Hamish agreed saying, “I’m very lucky with my younger brother, mother and father all have a pretty good idea what it involves having someone with dementia, and supporting each other.”
Ashlyn says that “talking to my teacher, my mum, my brother as well” helps her.
“Talking to people about my dad. It’s helpful when people know and understand, because if people I want to talk to don’t know it is, what it means, it’s hard to talk to them about it”
Admitting that she doesn’t talk to her friends at school about it, Ashlyn does get support from her teachers.
Isao says that “my friends have their own lives, I just keep it to myself. I have my mum and little brother to talk to”.
“I understand what’s wrong and what going, there isn’t a cure. I don’t want to get caught up in school with teachers and peers. I don’t see a need for everyone to say ‘aww I feel bad for you’”.
“Let’s focus on what we can do about it. Don’t be all negative, be positive. We know it’s bad, let’s make it better,” says Isao.
Hamish says it’s been so long since dementia has been a part of their lives, that he hasn’t noticed a difference in her parenting, “it hasn’t impacted my family, and that’s partly due to mum’s ability to manage all these things at once”.
“It’s been a really supportive network. I have not been expected to take on these extra roles, but we all just help each other out.”
Even Ashlyn, the youngest on the panel, finds ways to help her dad, “we get him into the routine of getting ready for the day”.
Isao’s worries for his younger brother – Isao’s step-father is his biological father – that he doesn’t have a father figure.
“It’s a big gap to fill, and I’m not the one to fill it. But I do try to help him out and assist him, just be with him.”
An audience member asked Hamish, “if you could have 10 minutes with the Prime Minister what would you tell him we need in terms of dementia?”

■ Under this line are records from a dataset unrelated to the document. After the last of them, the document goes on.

lemma torus_orbit_subset_orbit_variety:
  assumes x: "x \<in> plvec n r"
  shows "torus_orbit s x \<subseteq> orbit_variety n r s x"
proof
  fix y assume "y \<in> torus_orbit s x"
  then obtain c t where ct: "c \<noteq> 0" "t \<noteq> 0" and y: "y = (\<lambda>I. c * torus_act s t x I)"
    unfolding torus_orbit_def by blast
  have "y \<in> plvec n r" using plvec_cone[OF _ ct(1)] plvec_torus_act_iff[OF ct(2)] x y by blast
  moreover have "(\<Prod>I\<in>#M. y I) = c ^ size M * t ^ (\<Sum>I\<in>#M. weight s I) * (\<Prod>I\<in>#M. x I)" for M
    unfolding y by (simp add: prod_mset_scale prod_mset_torus_act)
  then have "f y = 0" if "f \<in> orbit_equations n r s x" for f
    using that unfolding orbit_equations_def balanced_pair_def by (auto simp: y torus_act_weight)
  ultimately show "y \<in> orbit_variety n r s x" unfolding orbit_variety_def by blast
qed

lemma orbit_variety_support:
  assumes y: "y \<in> orbit_variety n r s x" and "x I = 0"
  shows "y I = 0"
proof (cases "I \<in> rsubsets n r")
  case True
  then have mem: "(\<lambda>p. p I) \<in> orbit_equations n r s x"
    using assms(2) unfolding orbit_equations_def by blast
  have "\<forall>f\<in>orbit_equations n r s x. f y = 0" using y unfolding orbit_variety_def by simp
  from bspec[OF this mem] show ?thesis by simp
next
  case False
  then show ?thesis using y unfolding orbit_variety_def plvec_def by simp
qed

lemma orbit_variety_binomial:
  assumes y: "y \<in> orbit_variety n r s x" and "balanced_pair s x M1 M2"
  shows "(\<Prod>I\<in>#M2. x I) * (\<Prod>I\<in>#M1. y I) = (\<Prod>I\<in>#M1. x I) * (\<Prod>I\<in>#M2. y I)"
proof -
  have mem: "(\<lambda>p. (\<Prod>I\<in>#M2. x I) * (\<Prod>I\<in>#M1. p I) - (\<Prod>I\<in>#M1. x I) * (\<Prod>I\<in>#M2. p I))
      \<in> orbit_equations n r s x"
    using assms(2) unfolding orbit_equations_def by blast
  have "\<forall>f\<in>orbit_equations n r s x. f y = 0" using y unfolding orbit_variety_def by simp
  from bspec[OF this mem] show ?thesis by simp
qed

lemma orbit_variety_subset_torus_orbit:
  assumes x: "x \<in> plvec n r" and y: "y \<in> orbit_variety n r s x"
    and I3: "y I3 \<noteq> 0" and I4: "y I4 \<noteq> 0" and "weight s I3 < weight s I4"
  shows "y \<in> torus_orbit s x"
proof -
  define S where "S = {I. x I \<noteq> 0}"
  have "finite S" using plvec_support[OF x] finite_rsubsets finite_subset unfolding S_def by blast
  have y_support: "y I = 0" if "I \<notin> S" for I
    using that by (intro orbit_variety_support[OF y]) (simp add: S_def)
  define \<rho> where "\<rho> I = y I / x I" for I
  have y_\<rho>: "y I = \<rho> I * x I" for I using y_support[of I] by (auto simp: \<rho>_def S_def)
  have relations: "(\<Prod>I\<in>#M1. \<rho> I) = (\<Prod>I\<in>#M2. \<rho> I)"
    if "set_mset M1 \<subseteq> S" "set_mset M2 \<subseteq> S" "size M1 = size M2"
      "(\<Sum>I\<in>#M1. weight s I) = (\<Sum>I\<in>#M2. weight s I)" for M1 M2
  proof -
    have "balanced_pair s x M1 M2" using that by (auto simp: balanced_pair_def S_def)
    then have "(\<Prod>I\<in>#M2. x I) * (\<Prod>I\<in>#M1. y I) = (\<Prod>I\<in>#M1. x I) * (\<Prod>I\<in>#M2. y I)"
      by (rule orbit_variety_binomial[OF y])
    moreover have "(\<Prod>I\<in>#M. x I) \<noteq> 0" if "set_mset M \<subseteq> S" for M
      using that by (auto simp: S_def)
    ultimately show ?thesis using that(1,2) by (simp add: y_\<rho> prod_mset.distrib)
  qed
  have S34: "I3 \<in> S" "\<rho> I3 \<noteq> 0" "I4 \<in> S" "\<rho> I4 \<noteq> 0"
    using I3 I4 y_support y_\<rho> by auto
  obtain c t where ct: "c \<noteq> 0" "t \<noteq> 0" "\<forall>I\<in>S. \<rho> I = c * t ^ weight s I"
    by (rule size_weight_character[where \<rho> = \<rho> and w = "weight s",
          OF \<open>finite S\<close> relations S34 \<open>weight s I3 < weight s I4\<close>])
  have "y = (\<lambda>I. c * torus_act s t x I)"
  proof
    fix I
    show "y I = c * torus_act s t x I"
      using ct(3) y_\<rho>[of I] y_support[of I] by (cases "I \<in> S") (auto simp: torus_act_weight S_def)
  qed
  then show ?thesis unfolding torus_orbit_def using ct(1,2) by blast
qed
lemma eigenvector_if_min_rayleigh:
  fixes M :: "real^'k^'k"
  assumes sym: "transpose M = M" and vv: "v \<bullet> v = 1"
    and lower: "\<And>x. x \<bullet> (M *v x) \<ge> (v \<bullet> (M *v v)) * (x \<bullet> x)"
  shows "M *v v = (v \<bullet> (M *v v)) *\<^sub>R v"
proof -
  define q where "q x = x \<bullet> (M *v x)" for x
  define \<mu> where "\<mu> = q v"
  define w where "w = M *v v - \<mu> *\<^sub>R v"
  \<comment> \<open>Along \<open>v + t w\<close> the coefficient of \<open>t\<close> is \<open>2 w \<bullet> w\<close>, by symmetry of \<open>M\<close> and \<open>v \<bullet> v = 1\<close>.\<close>
  have expand: "q (v + t *\<^sub>R w) - \<mu> * ((v + t *\<^sub>R w) \<bullet> (v + t *\<^sub>R w))
      = 2 * t * (w \<bullet> w) + t\<^sup>2 * (q w - \<mu> * (w \<bullet> w))" for t
    using vv inner_transpose_mult[of w M v] sym
    by (simp add: q_def \<mu>_def w_def matrix_vector_right_distrib matrix_vector_mult_scaleR inner_add_left
        inner_add_right inner_diff_left inner_diff_right inner_commute power2_eq_square algebra_simps)
  have "2 * t * (w \<bullet> w) + t\<^sup>2 * (q w - \<mu> * (w \<bullet> w)) \<ge> 0" for t
    using lower[of "v + t *\<^sub>R w"] expand[of t] by (simp add: q_def \<mu>_def)
  moreover have "q w - \<mu> * (w \<bullet> w) \<ge> 0" using lower[of w] by (simp add: q_def \<mu>_def)
  ultimately have "w \<bullet> w = 0" by (intro linear_coeff_eq_0_if_quadratic_nonneg)
  then show ?thesis by (simp add: w_def \<mu>_def q_def)
qed
(* Let $n,d\in\mathbb{N}$. Let $\tilde Z=(\tilde Z_{j,k})_{j\in\{0,1\},k\in[n]}$ be a $2\times n$ array of i.i.d. random vectors, each uniformly distributed on $\{0,1\}^d$ (i.e. with i.i.d. $\mathrm{Ber}(1/2)$ coordinates), let $U=(U_1,\dots,U_n)$ be uniform on $\{0,1\}^n$ and independent of $\tilde Z$, and let $S_n=(Z_1,\dots,Z_n)$ with $Z_k=\tilde Z_{U_k,k}$. Call $i\in[d]$ a bad coordinate if $Z_k(i)=0$ for all $k\in[n]$, and let $B\in\{0,1\}^d$ be given by $B(i)=1$ iff $i$ is a bad coordinate, with $\|B\|_0$ the number of bad coordinates. Then $$H(U\mid B,\tilde Z)\le n\,\mathbb{E}\big[2^{-\|B\|_0}\big],$$ where entropy is measured in bits.
   Context: $H(\cdot\mid\cdot)$ denotes conditional Shannon entropy (base-2 logarithm, so that $H(U)=n$). *)

theory Defs
  imports "HOL-Probability.Probability"
begin

definition cond_entropy2 :: "'w pmf \<Rightarrow> ('w \<Rightarrow> 'x) \<Rightarrow> ('w \<Rightarrow> 'y) \<Rightarrow> real" where
  "cond_entropy2 M X Y =
     (let P = map_pmf (\<lambda>w. (X w, Y w)) M; Q = map_pmf Y M in
      - (\<Sum>xy\<in>set_pmf P. pmf P xy * log 2 (pmf P xy / pmf Q (snd xy))))"

text \<open>Sample space: pairs (U, Zt) with U : [n] -> {0,1} and
  Zt : {0,1} x [n] -> {0,1}^d (coordinates indexed by [d]); bits are booleans
  (True = 1), indices are 0-based.\<close>
definition sample_space :: "nat \<Rightarrow> nat \<Rightarrow> ((nat \<Rightarrow> bool) \<times> (bool \<times> nat \<Rightarrow> nat \<Rightarrow> bool)) set" where
  "sample_space n d =
     (PiE {..<n} (\<lambda>_. UNIV)) \<times> (PiE (UNIV \<times> {..<n}) (\<lambda>_. PiE {..<d} (\<lambda>_. UNIV)))"

definition Zsel :: "(nat \<Rightarrow> bool) \<Rightarrow> (bool \<times> nat \<Rightarrow> nat \<Rightarrow> bool) \<Rightarrow> nat \<Rightarrow> nat \<Rightarrow> bool" where
  "Zsel U Zt k = Zt (U k, k)"

definition bad_vec :: "nat \<Rightarrow> nat \<Rightarrow> (nat \<Rightarrow> bool) \<Rightarrow> (bool \<times> nat \<Rightarrow> nat \<Rightarrow> bool) \<Rightarrow> nat \<Rightarrow> bool" where
  "bad_vec n d U Zt = (\<lambda>i. if i < d then (\<forall>k<n. \<not> Zsel U Zt k i) else False)"

definition num_bad :: "nat \<Rightarrow> nat \<Rightarrow> (nat \<Rightarrow> bool) \<Rightarrow> (bool \<times> nat \<Rightarrow> nat \<Rightarrow> bool) \<Rightarrow> nat" where
  "num_bad n d U Zt = card {i. i < d \<and> bad_vec n d U Zt i}"

end

theory Submission
  imports Defs
begin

Hamish responded, “I don’t know if funding alone is enough, I think it’s more of a social issue than a political one, in terms of how people treat the elderly in general”.
Sure, they could set up more dementia specific centres or supply new funding, but even in my grandmother’s nursing home the reason that they cut staff and the reason they didn’t feed everyone is because they are building other nursing homes.”
“It’s a business, they are economic minded first, and I just don’t think that works when you’re looking after people. Especially people with dementia.”
Another audience member, a mum with dementia who has a daughter the same age as Isao, asked him “if he ever got angry at his situation that he has no control over?”
“It makes me more sad, there’s no point in getting angry”, says Isao, “because you can’t get angry at disease. It’s not something you can just sort things out with – it’s just there.”
“It makes me more sad that there is no cure, no treatment to fix it. If we do combine our knowledge and technology, then I think we could make things easier, definitely.”
Ashlyn said “having someone with dementia in the family can be a really good thing because then you learn how to be a really caring person”.
Hearing from young people who are impacted by dementia, a challenging illness in their family, it’s truly remarkable how they find ways to become resilient and turn it into a positive.